→ Exercise inputs
lemma no_starvation_with_two_survivors:
  assumes "A < n" "B < n" "A \<noteq> B" "leave A = None" "leave B = None"
  shows "\<not> starvation n r c f g leave"
proof
  assume "starvation n r c f g leave"
  then obtain K where starving: "\<forall>u<n. leave u = None \<longrightarrow> starves_from n r c f g leave K u"
    unfolding starvation_def by blast
  have False
    if survivors: "A' < n" "B' < n" "leave A' = None" "leave B' = None" "\<sigma> A' < \<sigma> B'" for A' B'
  proof -
    obtain k where "\<sigma> (pos k A') = n - 1"
      using starving_robot_reaches_right_end[OF survivors(1,3)] starving survivors(1,3) by blast
    moreover have "\<sigma> (pos k A') < \<sigma> (pos k B')"
      by (rule surviving_robots_keep_order[OF survivors])
    moreover have "\<sigma> (pos k B') < n"
      using \<sigma>_less config_less survivors(2) by blast
    ultimately show False
      by simp
  qed
  moreover have "\<sigma> A \<noteq> \<sigma> B"
    using \<sigma>_inj assms(1-3) by blast
  ultimately show False
    using assms by (metis linorder_neqE_nat)
qed

end

lemma resilient_for_n_minus_2: "resilient_for n r c f g (n - 2)"
  unfolding resilient_for_def
proof (intro allI impI)
  fix leave :: "nat \<Rightarrow> real option"
  assume "(\<forall>u. leave u \<noteq> None \<longrightarrow> u < n) \<and> card {u. leave u \<noteq> None} = n - 2"
  then have "card ({..<n} - {u. leave u \<noteq> None}) = 2"
    using two_le_n by (subst card_Diff_subset) (auto intro: finite_subset[of _ "{..<n}"])
  then obtain A B where "{..<n} - {u. leave u \<noteq> None} = {A, B}" "A \<noteq> B"
    by (auto simp: card_2_iff)
  then have "A < n" "B < n" "leave A = None" "leave B = None"
    by blast+
  then show "\<not> starvation n r c f g leave"
    using no_starvation_with_two_survivors \<open>A \<noteq> B\<close> by blast
qed
lemma rise_le_profile:
  assumes f: "admissible m M s f" and x: "x \<in> {-pi..pi}"
  defines "rise \<equiv> robin_sol \<alpha> f x - robin_sol \<alpha> f (-pi)"
  obtains a where "a \<le> pi - l" and "rise \<le> (M - m) * profile x a"
    and "rise = (M - m) * profile x a \<Longrightarrow> -pi < x \<Longrightarrow> AE y in lebesgue_pi. f y = step a y"
proof -
  define k where "k = 1 - c * (pi + x)"
  have k: "\<bar>k\<bar> \<le> 1" using tent_slope_bounds(1)[OF x] by (simp add: k_def)
  obtain a t where a: "-pi + l \<le> a" "a \<le> pi - l" "\<bar>x - a\<bar> \<le> l"
    and above: "\<And>y. y \<in> {a - l..a + l} \<Longrightarrow> t \<le> tent x k y"
    and below: "\<And>y. y \<in> {-pi..pi} - {a - l..a + l} \<Longrightarrow> tent x k y \<le> t"
    using tent_superlevel_interval[OF x l_pos l_less_pi k] by blast
  have f_int: "integrable lebesgue_pi f" and f_bounds: "AE y in lebesgue_pi. m \<le> f y \<and> f y \<le> M"
    using f by (simp_all add: admissible_def)
  have "integral\<^sup>L lebesgue_pi f = integral\<^sup>L lebesgue_pi (step a)"
    using admissible_integral[OF f] integral_step a by simp
  then have mass: "integral\<^sup>L lebesgue_pi f
      = integral\<^sup>L lebesgue_pi (\<lambda>y. m + (M - m) * indicator {a - l..a + l} y)"
    by (simp add: step_def)
  have interval: "{a - l..a + l} \<in> sets lebesgue_pi"
    using a by (simp add: sets_restrict_space_iff)
  note bath = bathtub[OF finite_measure_lebesgue_pi f_int f_bounds interval mass
      borel_measurable_lebesgue_onI[OF borel_measurable_tent] abs_tent_le[OF x] above below]
  have rise: "rise = integral\<^sup>L lebesgue_pi (\<lambda>y. tent x k y * f y)"
    using robin_sol_diff_left[OF f_int x] by (simp add: rise_def k_def)
  have step: "integral\<^sup>L lebesgue_pi (\<lambda>y. tent x k y * step a y) = (M - m) * profile x a"
    using integral_tent_step[OF x a(3)] a by (simp add: k_def)
  show thesis
  proof (rule that[OF a(2)])
    show "rise \<le> (M - m) * profile x a"
      using bath(1) rise step by (simp add: step_def)
    assume "rise = (M - m) * profile x a" and "-pi < x"
    then have "AE y in lebesgue_pi. tent x k y = t \<or> f y = step a y"
      using bath(2) rise step by (simp add: step_def)
    moreover have "\<bar>k\<bar> < 1" using tent_slope_bounds(2)[OF x \<open>-pi < x\<close>] by (simp add: k_def)
    ultimately show "AE y in lebesgue_pi. f y = step a y"
      using AE_tent_neq[of k x t] by (auto elim: eventually_mono)
  qed
qed

lemma rise_le_Theta:
  assumes f: "admissible m M s f" and x: "x \<in> {-pi..pi}"
  defines "rise \<equiv> robin_sol \<alpha> f x - robin_sol \<alpha> f (-pi)"
  shows "rise \<le> (M - m) * Theta \<alpha> l \<delta>"
    and "rise = (M - m) * Theta \<alpha> l \<delta> \<Longrightarrow> AE y in lebesgue_pi. f y = step g y"
proof -
  obtain a where a: "a \<le> pi - l" and le: "rise \<le> (M - m) * profile x a"
    and eq: "rise = (M - m) * profile x a \<Longrightarrow> -pi < x \<Longrightarrow> AE y in lebesgue_pi. f y = step a y"
    using rise_le_profile[OF f x] unfolding rise_def by blast
  have "(M - m) * profile x a \<le> (M - m) * Theta \<alpha> l \<delta>"
    using profile_le_Theta(1)[OF a] M_minus_m_pos by simp
  then show "rise \<le> (M - m) * Theta \<alpha> l \<delta>" using le by simp
  assume max: "rise = (M - m) * Theta \<alpha> l \<delta>"
  then have "Theta \<alpha> l \<delta> \<le> profile x a" using le M_minus_m_pos by simp
  then have "profile x a = Theta \<alpha> l \<delta>" using profile_le_Theta(1)[OF a, of x] by linarith
  then have "x = xg" "a = g" using profile_le_Theta(2)[OF a] by auto
  moreover from this have "-pi < x" using maximiser_bounds(1) pi_gt_zero by linarith
  ultimately show "AE y in lebesgue_pi. f y = step g y"
    using eq max \<open>profile x a = Theta \<alpha> l \<delta>\<close> by simp
qed

lemma rise_at_maximiser:
  assumes f: "admissible m M s f" and f_step: "AE y in lebesgue_pi. f y = step g y"
  shows "robin_sol \<alpha> f xg - robin_sol \<alpha> f (-pi) = (M - m) * Theta \<alpha> l \<delta>"
proof -
  let ?k = "1 - c * (pi + xg)"
  have xg: "xg \<in> {-pi..pi}" "\<bar>xg - g\<bar> \<le> l" "-pi \<le> g - l" "g + l \<le> pi"
    using maximiser_bounds l_less_pi by auto
  have f_int: "integrable lebesgue_pi f" using f by (simp add: admissible_def)
  have "robin_sol \<alpha> f xg - robin_sol \<alpha> f (-pi) = integral\<^sup>L lebesgue_pi (\<lambda>y. tent xg ?k y * f y)"
    by (rule robin_sol_diff_left[OF f_int xg(1)])
  also have "\<dots> = integral\<^sup>L lebesgue_pi (\<lambda>y. tent xg ?k y * step g y)"
  proof (rule integral_cong_AE)
    show "(\<lambda>y. tent xg ?k y * f y) \<in> borel_measurable lebesgue_pi"
      using integrable_continuous_mult[OF f_int continuous_on_tent] by (rule borel_measurable_integrable)
    show "(\<lambda>y. tent xg ?k y * step g y) \<in> borel_measurable lebesgue_pi"
      unfolding step_def by (intro borel_measurable_lebesgue_onI) measurable
    show "AE y in lebesgue_pi. tent xg ?k y * f y = tent xg ?k y * step g y"
      using f_step by eventually_elim simp
  qed
  also have "\<dots> = (M - m) * profile xg g"
    using integral_tent_step[OF xg] .
  also have "\<dots> = (M - m) * Theta \<alpha> l \<delta>"
    using profile_le_Theta(2)[OF g_le] by simp
  finally show ?thesis .
qed

lemma endpoint_rises:
  assumes f: "admissible m M s f"
  defines "u \<equiv> robin_sol \<alpha> f" and "R \<equiv> (M - m) * Theta \<alpha> l \<delta>"
  shows "\<forall>x\<in>{-pi..pi}. u x - u (-pi) \<le> R \<and> u x - u pi \<le> R"
    and "(\<exists>x\<in>{-pi..pi}. u x - u (-pi) = R \<or> u x - u pi = R) \<longleftrightarrow>
         (AE y in lebesgue_pi. f y = step g y) \<or> (AE y in lebesgue_pi. f y = step g (- y))"
proof -
  let ?f' = "\<lambda>y. f (- y)"
  let ?v = "robin_sol \<alpha> ?f'"
  have f': "admissible m M s ?f'" using f by (rule admissible_reflect)
  have right: "u x - u pi = ?v (- x) - ?v (- pi)" for x
    by (simp add: u_def robin_sol_reflect)
  have reflect: "x \<in> {-pi..pi} \<Longrightarrow> - x \<in> {-pi..pi}" for x by auto
  show "\<forall>x\<in>{-pi..pi}. u x - u (-pi) \<le> R \<and> u x - u pi \<le> R"
    unfolding right using rise_le_Theta(1)[OF f] rise_le_Theta(1)[OF f' reflect]
    by (simp add: u_def R_def)
  show "(\<exists>x\<in>{-pi..pi}. u x - u (-pi) = R \<or> u x - u pi = R) \<longleftrightarrow>
      (AE y in lebesgue_pi. f y = step g y) \<or> (AE y in lebesgue_pi. f y = step g (- y))"
  proof
    assume "\<exists>x\<in>{-pi..pi}. u x - u (-pi) = R \<or> u x - u pi = R"
    then obtain x where x: "x \<in> {-pi..pi}" and "u x - u (-pi) = R \<or> ?v (- x) - ?v (- pi) = R"
      unfolding right by blast
    then show "(AE y in lebesgue_pi. f y = step g y) \<or> (AE y in lebesgue_pi. f y = step g (- y))"
      using rise_le_Theta(2)[OF f x] rise_le_Theta(2)[OF f' reflect[OF x]]
        AE_lebesgue_pi_reflect_iff[of f "step g"]
      unfolding u_def R_def by blast
  next
    have xg: "xg \<in> {-pi..pi}" using maximiser_bounds l_less_pi by auto
    assume "(AE y in lebesgue_pi. f y = step g y) \<or> (AE y in lebesgue_pi. f y = step g (- y))"
    then show "\<exists>x\<in>{-pi..pi}. u x - u (-pi) = R \<or> u x - u pi = R"
    proof
      assume "AE y in lebesgue_pi. f y = step g y"
      then show ?thesis using rise_at_maximiser[OF f] xg unfolding u_def R_def by blast
    next
      assume "AE y in lebesgue_pi. f y = step g (- y)"
      then have "?v xg - ?v (- pi) = R"
        using rise_at_maximiser[OF f'] AE_lebesgue_pi_reflect_iff[of f "step g"] unfolding R_def by blast
      then have "u (- xg) - u pi = R" by (simp add: right)
      then show ?thesis using reflect[OF xg] by blast
    qed
  qed
qed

→ Task item
Begin with the line above that has "using integral_tent_step[OF x a(3)]" and continue through the line that has "lebesgue_pi. tent x k", setting each one down exactly. Stop there.

→ Written solution
    using integral_tent_step[OF x a(3)] a by (simp add: k_def)
  show thesis
  proof (rule that[OF a(2)])
    show "rise \<le> (M - m) * profile x a"
      using bath(1) rise step by (simp add: step_def)
    assume "rise = (M - m) * profile x a" and "-pi < x"
    then have "AE y in lebesgue_pi. tent x k y = t \<or> f y = step a y"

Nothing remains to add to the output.